Member of the Iowa Senate from the 1st district
- In office 12 January 1987 – 8 January 1995
- Preceded by: Milo Colton
- Succeeded by: Steven D. Hansen

Member of the Iowa House of Representatives from the 2nd district
- In office 10 January 1983 – 11 January 1987
- Preceded by: Douglas Ritsema
- Succeeded by: Michael R. Peters

Member of the Iowa House of Representatives from the 51st district
- In office 12 January 1981 – 9 January 1983
- Preceded by: Donald V. Doyle
- Succeeded by: Richard Running

Personal details
- Born: 14 February 1956 (age 70) Sioux City, Iowa, U.S.
- Party: Democratic
- Education: Morningside College (BA) University of Iowa College of Law (JD)

= Al Sturgeon =

American politician

Al Sturgeon (born 14 February 1956) is an American lawyer and former politician.

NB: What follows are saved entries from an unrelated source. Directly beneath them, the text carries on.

lemma omega_edge:
  assumes "3 \<le> N" and "m \<in> {1..N}"
  shows "omega N (edge N m) = (if m = 1 then 2 else 1)"
proof (cases "m = 1")
  case True
  have "ebasis N 1 1 = 1"
    using assms(1) by (simp add: ebasis_def)
  then have "ebasis N 1 \<noteq> 0" by auto
  moreover have "edge N 1 = - ebasis N 1"
    by (simp add: edge_def ebasis_def)
  ultimately show ?thesis
    using True by (simp add: omega_def)
next
  case False
  define c where "c = (if m < N then m else N - 1)"
  have "edge N m c \<noteq> 0" and "ebasis N 1 c = 0"
    using assms False by (auto simp: c_def edge_def ebasis_apply)
  then have "edge N m \<noteq> 0" "edge N m \<noteq> ebasis N 1" "edge N m \<noteq> - ebasis N 1"
    by (metis zero_fun_apply, metis, metis neg_equal_0_iff_equal uminus_apply)
  then show ?thesis
    using False by (simp add: omega_def)
qed

lemma lift_zero: "lift N 0 = 0"
  by (auto simp: lift_def omega_def)

lemma dotN_lift:
  assumes "a N = 0" and "1 \<le> N"
  shows "dotN N u (lift N a) = dotN N u a + u N * omega N a"
proof -
  have "dotN N u (lift N a) - dotN N u a = (\<Sum>i\<in>{1..N}. u i * (lift N a i - a i))"
    unfolding dotN_def by (simp add: sum_subtractf algebra_simps)
  also have "\<dots> = (\<Sum>i\<in>{1..N}. if i = N then u N * omega N a else 0)"
    by (rule sum.cong) (auto simp: lift_def assms(1))
  also have "\<dots> = u N * omega N a" using assms(2) by simp
  finally show ?thesis by simp
qed

lemma vv_zero: "vv N lam 0 = 0"
  by (simp add: vv_def)

lemma vv_edge: "1 \<le> m \<Longrightarrow> vv N lam m = of_int (lam m) *\<^sub>R edge N m"
  by (simp add: vv_def edge_def)

lemma yvec_apply:
  assumes "j \<le> N + 1"
  shows "yvec N lam j m = xvec N lam m + (if 1 \<le> m \<and> m < j then 1 else 0)"
proof -
  have "(\<Sum>k=1..j-1. ebasis1 N k) m = (\<Sum>k\<in>{1..j-1}. if k = m then 1 else 0)"
    unfolding sum_fun_apply using assms by (intro sum.cong) (auto simp: ebasis1_def)
  also have "\<dots> = (if 1 \<le> m \<and> m < j then 1 else 0)"
    by auto
  finally show ?thesis
    by (simp add: yvec_def)
qed

locale balanced_signs =
  fixes N :: nat and lam :: "nat \<Rightarrow> int"
  assumes lam_in_Lambda: "lam \<in> Lambda N" and three_le_N: "3 \<le> N"
begin

lemma lam_cases: "i \<in> {1..N} \<Longrightarrow> lam i = 1 \<or> lam i = -1"
  using lam_in_Lambda by (auto simp: Lambda_def)

lemma lam_sq: "i \<in> {1..N} \<Longrightarrow> real_of_int (lam i) * real_of_int (lam i) = 1"
  using lam_cases[of i] by auto

lemma omega_vv: "m \<in> {1..N} \<Longrightarrow> omega N (vv N lam m) = omega N (edge N m)"
  using lam_cases[of m] by (auto simp: vv_edge omega_uminus)

lemma dotN_vv: "m \<in> {1..N} \<Longrightarrow> dotN N u (vv N lam m) = lam m * dotN N u (edge N m)"
  by (simp add: vv_edge linear_scale[OF linear_dotN])

lemma dotN_lift_vv:
  assumes "m \<in> {1..N}"
  shows "dotN N u (lift N (vv N lam m)) = lam m * dotN N u (edge N m) + u N * omega N (edge N m)"
proof -
  have "vv N lam m N = 0"
    using assms by (simp add: vv_edge edge_last scaleR_fun_def)
  then show ?thesis
    using assms three_le_N by (simp add: dotN_lift dotN_vv omega_vv)
qed

definition psum :: "nat \<Rightarrow> real" where
  "psum m = (\<Sum>j=1..m. real_of_int (lam j))"

lemma psum_0: "psum 0 = 0"
  by (simp add: psum_def)

lemma psum_Suc: "psum (Suc m) = psum m + lam (Suc m)"
  by (simp add: psum_def)

lemma psum_N: "psum N = 0"
  using lam_in_Lambda by (simp add: psum_def Lambda_def flip: of_int_sum)

definition cell_normal :: "nat \<Rightarrow> nat \<Rightarrow> real" where
  "cell_normal i m = (if 1 \<le> m \<and> m < N then psum m + (if m < i then real_of_int (lam 1) else 0)
     else if m = N then 1 else 0)"

lemma hcoord_cell_normal:
  "i \<le> N \<Longrightarrow> m \<le> N \<Longrightarrow>
    hcoord N (cell_normal i) m = psum m + (if 1 \<le> m \<and> m < i then real_of_int (lam 1) else 0)"
  by (cases "m = 0") (auto simp: hcoord_def cell_normal_def psum_0 psum_N)

lemma dotN_edge_cell_normal:
  assumes i: "i \<in> {1..N}" "lam i = lam 1" and m: "m \<in> {1..N}"
  shows "dotN N (cell_normal i) (edge N m) =
    (if m = i then (if i = 1 then - lam 1 else 0) else - lam m * omega N (edge N m))"
proof -
  obtain k where k: "m = Suc k" using m by (cases m) auto
  have D: "dotN N (cell_normal i) (edge N m) =
     (if 1 \<le> k \<and> k < i then real_of_int (lam 1) else 0) - lam m
     - (if m < i then real_of_int (lam 1) else 0)"
  proof -
    have "k \<le> N" "Suc k \<le> N" "i \<le> N" using i m k by auto
    then show ?thesis
      unfolding dotN_edge k by (simp only: hcoord_cell_normal psum_Suc) auto
  qed
  have om: "omega N (edge N m) = (if m = 1 then 2 else 1)"
    using omega_edge[OF three_le_N m] .
  consider "m = i" | "m < i" | "i < m" by linarith
  then show ?thesis
  proof cases
    case 1
    with k have "k < i" "\<not> m < i" by simp_all
    then show ?thesis
      using D 1 i(2) k by (cases k) simp_all
  next
    case 2
    then have "\<not> m = i" "k < i" using k by simp_all
    then show ?thesis
      using D om 2 k by (cases k) simp_all
  next
    case 3
    then have "\<not> m = i" "\<not> k < i" "\<not> m < i" "m \<noteq> 1" using k i(1) by simp_all
    then show ?thesis
      using D om by simp
  qed
qed

lemma cell_normal_last: "cell_normal i N = 1"
  using three_le_N by (simp add: cell_normal_def)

==Early life and political career==
Al Sturgeon is a native of Sioux City, Iowa, born on 14 February 1956. He graduated from East High School and Morningside College in his hometown. Sturgeon was then employed as a consultant to the Northwest Regional Library, and also worked in production for the Continental Baking Company for six and a half years before winning his first statewide legislative election in 1980, representing District 51 of the Iowa House of Representatives as a Democrat. Sturgeon subsequently won reelection to House District 2 in 1982 and 1984. During his third consecutive term as state representative, Sturgeon began attending the University of Iowa College of Law. Sturgeon was elected to the first of two terms on the Iowa Senate in 1986 and completed his Juris Doctor degree in 1989. After defeating Milo Colton in a 1990 party primary, Sturgeon held the Senate District 1 seat until 1995.

After leaving the Iowa General Assembly, Sturgeon later served as chairman of the Woodbury County Democratic Party. He stepped down from the position in 2005, and was succeeded by Tim Bottaro.

==Personal life==
In April 1986, Sturgeon attended a party with legislative colleagues, and was charged by a grand jury that August with indecent exposure. The charge was filed as a misdemeanor, and Sturgeon pled innocent during a September court hearing. He eventually pled guilty to the lesser charge of disorderly conduct in February 1987. Sturgeon's first application to sit for the Iowa bar exam was rejected due to this controversy. During the legal proceedings for this case, Sturgeon admitted to birthing a child out of wedlock in 1984, and agreed to pay child support.

Al Sturgeon's father Harold Allen Sturgeon Sr. died on 31 July 2010. His mother Opal Grace Sturgeon died on 3 April 2020.